[Start of section]
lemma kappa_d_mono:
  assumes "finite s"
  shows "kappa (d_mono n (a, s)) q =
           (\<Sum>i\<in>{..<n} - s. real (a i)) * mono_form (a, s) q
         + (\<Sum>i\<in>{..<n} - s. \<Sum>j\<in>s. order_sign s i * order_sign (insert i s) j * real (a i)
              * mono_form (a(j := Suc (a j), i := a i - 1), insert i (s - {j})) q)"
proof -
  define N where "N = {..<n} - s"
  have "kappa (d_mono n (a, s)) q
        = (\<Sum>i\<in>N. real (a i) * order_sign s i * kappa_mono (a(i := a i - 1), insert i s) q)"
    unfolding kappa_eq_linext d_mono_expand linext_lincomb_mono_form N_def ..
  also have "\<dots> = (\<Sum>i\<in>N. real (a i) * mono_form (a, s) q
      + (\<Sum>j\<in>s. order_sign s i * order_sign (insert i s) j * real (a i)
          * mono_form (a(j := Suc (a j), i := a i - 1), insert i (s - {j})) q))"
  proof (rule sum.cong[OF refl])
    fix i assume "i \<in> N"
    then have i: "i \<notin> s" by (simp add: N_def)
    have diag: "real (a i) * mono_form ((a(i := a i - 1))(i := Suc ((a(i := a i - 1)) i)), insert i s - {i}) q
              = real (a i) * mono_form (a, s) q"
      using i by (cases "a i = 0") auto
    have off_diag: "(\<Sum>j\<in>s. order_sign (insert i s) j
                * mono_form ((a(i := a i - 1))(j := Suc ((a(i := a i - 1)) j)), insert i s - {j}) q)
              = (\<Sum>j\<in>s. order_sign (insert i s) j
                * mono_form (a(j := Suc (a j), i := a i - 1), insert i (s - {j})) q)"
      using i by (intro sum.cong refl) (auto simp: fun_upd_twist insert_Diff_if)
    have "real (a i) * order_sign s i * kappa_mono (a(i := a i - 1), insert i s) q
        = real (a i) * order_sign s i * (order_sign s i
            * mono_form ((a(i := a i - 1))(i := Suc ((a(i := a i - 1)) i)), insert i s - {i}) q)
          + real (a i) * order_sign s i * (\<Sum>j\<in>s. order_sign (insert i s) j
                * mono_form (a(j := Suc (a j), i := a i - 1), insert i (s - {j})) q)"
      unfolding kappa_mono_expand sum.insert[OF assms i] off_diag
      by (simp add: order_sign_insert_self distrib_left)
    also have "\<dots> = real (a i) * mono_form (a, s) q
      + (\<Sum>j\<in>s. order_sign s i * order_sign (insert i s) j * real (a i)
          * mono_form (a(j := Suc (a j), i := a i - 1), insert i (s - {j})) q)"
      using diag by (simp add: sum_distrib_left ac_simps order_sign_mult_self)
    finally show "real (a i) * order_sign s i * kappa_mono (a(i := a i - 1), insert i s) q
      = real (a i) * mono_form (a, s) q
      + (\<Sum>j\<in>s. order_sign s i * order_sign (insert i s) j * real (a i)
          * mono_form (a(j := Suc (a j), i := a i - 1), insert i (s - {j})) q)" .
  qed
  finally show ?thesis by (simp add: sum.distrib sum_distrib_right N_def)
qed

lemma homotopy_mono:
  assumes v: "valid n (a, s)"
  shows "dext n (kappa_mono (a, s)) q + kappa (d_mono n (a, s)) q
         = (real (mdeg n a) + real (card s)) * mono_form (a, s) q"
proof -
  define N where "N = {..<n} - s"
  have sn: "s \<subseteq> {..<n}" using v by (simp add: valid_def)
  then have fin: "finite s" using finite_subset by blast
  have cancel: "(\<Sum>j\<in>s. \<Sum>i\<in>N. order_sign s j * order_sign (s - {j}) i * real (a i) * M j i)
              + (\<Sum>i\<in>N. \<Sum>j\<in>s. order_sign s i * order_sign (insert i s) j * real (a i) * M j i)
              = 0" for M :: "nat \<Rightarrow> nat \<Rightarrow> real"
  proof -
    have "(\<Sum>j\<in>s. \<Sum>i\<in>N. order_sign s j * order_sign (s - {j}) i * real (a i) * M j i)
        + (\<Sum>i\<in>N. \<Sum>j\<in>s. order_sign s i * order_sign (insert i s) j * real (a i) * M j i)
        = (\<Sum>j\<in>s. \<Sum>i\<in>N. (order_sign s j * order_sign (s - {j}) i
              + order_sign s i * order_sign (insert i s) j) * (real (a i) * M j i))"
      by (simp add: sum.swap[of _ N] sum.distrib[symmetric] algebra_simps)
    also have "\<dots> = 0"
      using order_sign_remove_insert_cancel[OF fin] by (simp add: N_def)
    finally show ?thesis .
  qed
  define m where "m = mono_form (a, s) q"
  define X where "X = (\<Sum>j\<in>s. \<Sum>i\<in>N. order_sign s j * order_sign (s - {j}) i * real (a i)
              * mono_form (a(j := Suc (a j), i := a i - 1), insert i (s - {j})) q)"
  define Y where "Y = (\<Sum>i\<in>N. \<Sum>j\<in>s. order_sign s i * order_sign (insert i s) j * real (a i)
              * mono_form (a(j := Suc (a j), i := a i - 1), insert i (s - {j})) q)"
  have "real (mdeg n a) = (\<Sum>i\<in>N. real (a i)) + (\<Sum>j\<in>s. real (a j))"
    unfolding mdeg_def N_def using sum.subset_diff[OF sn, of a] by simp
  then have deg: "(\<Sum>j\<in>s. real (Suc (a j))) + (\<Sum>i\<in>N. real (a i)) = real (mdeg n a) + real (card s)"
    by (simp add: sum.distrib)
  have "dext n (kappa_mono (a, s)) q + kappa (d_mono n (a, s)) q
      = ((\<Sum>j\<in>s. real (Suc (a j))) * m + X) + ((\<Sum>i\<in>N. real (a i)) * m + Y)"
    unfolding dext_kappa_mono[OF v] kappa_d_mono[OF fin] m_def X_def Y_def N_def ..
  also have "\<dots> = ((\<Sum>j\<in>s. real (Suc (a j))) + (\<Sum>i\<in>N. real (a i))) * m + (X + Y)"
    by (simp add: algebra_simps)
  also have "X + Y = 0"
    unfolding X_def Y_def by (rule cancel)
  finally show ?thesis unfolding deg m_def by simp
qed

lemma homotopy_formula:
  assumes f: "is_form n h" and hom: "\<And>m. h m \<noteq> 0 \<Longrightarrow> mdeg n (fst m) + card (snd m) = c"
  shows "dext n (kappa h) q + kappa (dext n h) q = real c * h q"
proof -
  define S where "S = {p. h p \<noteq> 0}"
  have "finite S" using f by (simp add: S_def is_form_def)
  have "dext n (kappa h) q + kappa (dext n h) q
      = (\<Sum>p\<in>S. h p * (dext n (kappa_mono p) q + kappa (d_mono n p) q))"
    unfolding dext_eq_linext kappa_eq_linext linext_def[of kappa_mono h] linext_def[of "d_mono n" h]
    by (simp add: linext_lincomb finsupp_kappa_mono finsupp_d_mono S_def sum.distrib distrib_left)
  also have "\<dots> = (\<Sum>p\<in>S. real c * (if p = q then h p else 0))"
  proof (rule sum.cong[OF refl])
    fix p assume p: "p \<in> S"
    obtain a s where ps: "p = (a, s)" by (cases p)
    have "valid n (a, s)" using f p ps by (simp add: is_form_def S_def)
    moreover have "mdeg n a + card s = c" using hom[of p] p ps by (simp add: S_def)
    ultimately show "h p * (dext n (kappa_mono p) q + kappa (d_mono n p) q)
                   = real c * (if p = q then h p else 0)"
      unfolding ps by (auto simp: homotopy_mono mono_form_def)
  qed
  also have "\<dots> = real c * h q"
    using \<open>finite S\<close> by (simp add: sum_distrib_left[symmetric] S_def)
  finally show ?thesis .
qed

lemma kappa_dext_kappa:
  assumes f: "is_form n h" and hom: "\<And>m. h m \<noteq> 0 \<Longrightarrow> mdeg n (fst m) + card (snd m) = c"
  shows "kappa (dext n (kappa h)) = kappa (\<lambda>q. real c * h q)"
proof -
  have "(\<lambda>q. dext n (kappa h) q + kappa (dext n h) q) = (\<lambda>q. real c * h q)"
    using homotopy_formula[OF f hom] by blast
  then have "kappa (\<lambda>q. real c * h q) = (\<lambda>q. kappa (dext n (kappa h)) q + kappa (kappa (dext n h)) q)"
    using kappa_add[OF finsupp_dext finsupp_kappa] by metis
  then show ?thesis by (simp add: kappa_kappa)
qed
[End of section]
[Start of section]
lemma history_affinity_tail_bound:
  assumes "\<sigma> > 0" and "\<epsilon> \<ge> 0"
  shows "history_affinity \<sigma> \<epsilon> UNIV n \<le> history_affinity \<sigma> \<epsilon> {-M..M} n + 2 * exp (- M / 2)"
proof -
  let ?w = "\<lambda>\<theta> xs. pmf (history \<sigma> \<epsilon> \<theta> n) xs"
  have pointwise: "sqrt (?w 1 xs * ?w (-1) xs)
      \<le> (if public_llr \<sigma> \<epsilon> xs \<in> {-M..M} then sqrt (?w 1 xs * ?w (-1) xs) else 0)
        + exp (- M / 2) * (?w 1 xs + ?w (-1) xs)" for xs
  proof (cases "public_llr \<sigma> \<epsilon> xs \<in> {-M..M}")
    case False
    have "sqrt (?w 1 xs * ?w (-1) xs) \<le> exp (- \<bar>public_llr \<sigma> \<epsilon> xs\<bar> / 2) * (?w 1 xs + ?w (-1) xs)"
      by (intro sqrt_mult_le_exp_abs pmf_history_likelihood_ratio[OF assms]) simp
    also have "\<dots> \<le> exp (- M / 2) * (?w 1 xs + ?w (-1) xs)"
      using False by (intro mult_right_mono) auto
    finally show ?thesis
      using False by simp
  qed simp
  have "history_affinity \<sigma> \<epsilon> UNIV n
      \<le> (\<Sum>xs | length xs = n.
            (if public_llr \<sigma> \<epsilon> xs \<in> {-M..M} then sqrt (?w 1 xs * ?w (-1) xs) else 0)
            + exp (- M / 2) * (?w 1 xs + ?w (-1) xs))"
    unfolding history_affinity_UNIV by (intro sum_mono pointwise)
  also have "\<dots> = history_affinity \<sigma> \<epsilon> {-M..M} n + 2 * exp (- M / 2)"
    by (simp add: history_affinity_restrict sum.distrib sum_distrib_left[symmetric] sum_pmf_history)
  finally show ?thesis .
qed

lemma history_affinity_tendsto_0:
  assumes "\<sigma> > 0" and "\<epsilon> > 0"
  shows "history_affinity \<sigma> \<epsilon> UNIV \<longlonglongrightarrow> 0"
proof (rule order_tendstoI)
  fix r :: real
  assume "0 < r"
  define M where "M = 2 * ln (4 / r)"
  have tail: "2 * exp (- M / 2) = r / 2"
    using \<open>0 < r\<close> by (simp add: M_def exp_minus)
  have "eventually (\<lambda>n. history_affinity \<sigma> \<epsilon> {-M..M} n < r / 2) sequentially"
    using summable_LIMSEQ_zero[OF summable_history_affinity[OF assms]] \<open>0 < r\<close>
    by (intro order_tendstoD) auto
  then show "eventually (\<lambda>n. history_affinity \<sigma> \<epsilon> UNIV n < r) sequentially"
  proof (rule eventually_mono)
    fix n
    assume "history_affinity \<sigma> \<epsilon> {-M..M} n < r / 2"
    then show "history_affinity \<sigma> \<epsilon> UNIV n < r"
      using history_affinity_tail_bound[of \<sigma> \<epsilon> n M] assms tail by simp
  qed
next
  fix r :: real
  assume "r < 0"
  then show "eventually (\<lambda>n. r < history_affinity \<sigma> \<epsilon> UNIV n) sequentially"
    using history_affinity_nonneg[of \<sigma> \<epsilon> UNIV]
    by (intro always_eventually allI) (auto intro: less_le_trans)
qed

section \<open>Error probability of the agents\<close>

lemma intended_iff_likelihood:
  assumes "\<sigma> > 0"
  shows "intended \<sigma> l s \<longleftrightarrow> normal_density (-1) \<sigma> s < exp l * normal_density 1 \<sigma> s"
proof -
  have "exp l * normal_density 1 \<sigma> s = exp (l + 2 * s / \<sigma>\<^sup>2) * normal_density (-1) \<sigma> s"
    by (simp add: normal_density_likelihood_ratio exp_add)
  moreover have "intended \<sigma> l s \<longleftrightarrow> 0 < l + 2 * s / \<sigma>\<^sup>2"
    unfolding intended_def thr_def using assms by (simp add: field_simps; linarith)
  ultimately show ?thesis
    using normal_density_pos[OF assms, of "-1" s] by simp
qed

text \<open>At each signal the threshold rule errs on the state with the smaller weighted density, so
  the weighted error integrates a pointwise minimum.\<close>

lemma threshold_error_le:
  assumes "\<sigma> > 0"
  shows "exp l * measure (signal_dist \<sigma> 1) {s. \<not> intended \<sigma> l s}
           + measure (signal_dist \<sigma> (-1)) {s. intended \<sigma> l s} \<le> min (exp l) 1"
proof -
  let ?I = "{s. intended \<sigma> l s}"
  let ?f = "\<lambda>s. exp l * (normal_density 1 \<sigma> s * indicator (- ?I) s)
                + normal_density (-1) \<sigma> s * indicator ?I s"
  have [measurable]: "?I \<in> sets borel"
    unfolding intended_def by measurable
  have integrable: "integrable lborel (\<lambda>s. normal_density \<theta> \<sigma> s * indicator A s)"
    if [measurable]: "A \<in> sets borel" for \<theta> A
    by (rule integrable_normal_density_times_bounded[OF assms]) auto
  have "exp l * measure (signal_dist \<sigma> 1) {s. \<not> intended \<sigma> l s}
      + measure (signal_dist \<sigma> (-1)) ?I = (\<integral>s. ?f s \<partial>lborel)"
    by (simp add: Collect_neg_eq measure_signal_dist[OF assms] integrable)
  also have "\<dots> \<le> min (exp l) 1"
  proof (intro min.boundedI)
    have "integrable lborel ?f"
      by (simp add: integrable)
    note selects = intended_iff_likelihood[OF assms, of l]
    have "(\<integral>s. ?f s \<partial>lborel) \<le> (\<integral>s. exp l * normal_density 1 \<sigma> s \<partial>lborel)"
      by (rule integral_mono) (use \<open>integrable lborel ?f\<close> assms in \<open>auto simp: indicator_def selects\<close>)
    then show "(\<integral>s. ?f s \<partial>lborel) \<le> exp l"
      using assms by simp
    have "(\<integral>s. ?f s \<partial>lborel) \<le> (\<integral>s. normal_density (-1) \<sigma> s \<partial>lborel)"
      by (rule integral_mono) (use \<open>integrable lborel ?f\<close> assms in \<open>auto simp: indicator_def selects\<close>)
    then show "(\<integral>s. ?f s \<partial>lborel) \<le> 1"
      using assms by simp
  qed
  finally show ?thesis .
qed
[End of section]
[Start of section]
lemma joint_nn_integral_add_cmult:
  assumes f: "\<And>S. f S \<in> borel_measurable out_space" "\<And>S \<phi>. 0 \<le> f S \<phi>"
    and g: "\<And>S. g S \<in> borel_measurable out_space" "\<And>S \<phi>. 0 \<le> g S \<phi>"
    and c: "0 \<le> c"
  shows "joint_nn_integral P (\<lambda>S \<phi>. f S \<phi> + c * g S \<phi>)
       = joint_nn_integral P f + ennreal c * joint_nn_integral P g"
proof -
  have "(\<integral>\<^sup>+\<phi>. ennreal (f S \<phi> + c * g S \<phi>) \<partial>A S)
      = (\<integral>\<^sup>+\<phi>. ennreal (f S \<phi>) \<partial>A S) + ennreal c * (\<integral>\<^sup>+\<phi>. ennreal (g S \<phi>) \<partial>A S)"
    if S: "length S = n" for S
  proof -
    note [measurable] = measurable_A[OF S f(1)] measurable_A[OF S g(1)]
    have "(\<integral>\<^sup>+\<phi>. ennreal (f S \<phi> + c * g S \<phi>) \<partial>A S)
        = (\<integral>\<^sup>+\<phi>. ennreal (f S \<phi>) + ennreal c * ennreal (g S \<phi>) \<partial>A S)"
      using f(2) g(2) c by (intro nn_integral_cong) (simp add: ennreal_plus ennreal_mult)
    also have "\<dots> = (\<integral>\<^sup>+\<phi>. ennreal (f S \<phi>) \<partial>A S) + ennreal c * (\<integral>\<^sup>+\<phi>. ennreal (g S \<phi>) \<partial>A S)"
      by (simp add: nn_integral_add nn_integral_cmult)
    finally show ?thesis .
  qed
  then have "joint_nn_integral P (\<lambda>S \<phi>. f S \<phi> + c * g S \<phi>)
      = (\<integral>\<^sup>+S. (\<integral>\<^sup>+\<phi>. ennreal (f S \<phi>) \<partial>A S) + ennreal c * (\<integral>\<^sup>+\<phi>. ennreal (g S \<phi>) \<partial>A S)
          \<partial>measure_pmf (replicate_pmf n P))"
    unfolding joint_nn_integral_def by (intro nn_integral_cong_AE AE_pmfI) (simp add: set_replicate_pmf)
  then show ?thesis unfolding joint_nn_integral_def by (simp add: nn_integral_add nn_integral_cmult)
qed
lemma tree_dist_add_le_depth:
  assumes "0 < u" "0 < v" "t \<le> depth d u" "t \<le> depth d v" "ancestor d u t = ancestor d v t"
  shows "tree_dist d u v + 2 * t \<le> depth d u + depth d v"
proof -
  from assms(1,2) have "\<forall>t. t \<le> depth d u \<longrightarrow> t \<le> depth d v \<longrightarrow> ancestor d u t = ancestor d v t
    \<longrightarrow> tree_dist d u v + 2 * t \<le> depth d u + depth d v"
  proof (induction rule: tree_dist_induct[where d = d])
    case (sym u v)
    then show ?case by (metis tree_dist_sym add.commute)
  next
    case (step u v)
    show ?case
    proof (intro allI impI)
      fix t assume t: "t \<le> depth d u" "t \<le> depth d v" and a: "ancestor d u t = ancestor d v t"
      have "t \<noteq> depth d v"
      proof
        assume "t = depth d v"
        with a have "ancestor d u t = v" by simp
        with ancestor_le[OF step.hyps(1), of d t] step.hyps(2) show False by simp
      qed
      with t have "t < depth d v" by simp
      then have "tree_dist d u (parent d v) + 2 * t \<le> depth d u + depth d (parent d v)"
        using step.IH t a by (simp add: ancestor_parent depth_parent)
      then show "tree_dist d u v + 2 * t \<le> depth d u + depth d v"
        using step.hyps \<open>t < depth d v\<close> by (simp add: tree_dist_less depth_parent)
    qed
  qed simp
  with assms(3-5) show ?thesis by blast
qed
[End of section]
**WHAT THE TASK ASKS:**
Scan the records for the word "sets". Copy each line where it turns up.

**RESPONSE AREA:**
  have [measurable]: "?I \<in> sets borel"
    if [measurable]: "A \<in> sets borel" for \<theta> A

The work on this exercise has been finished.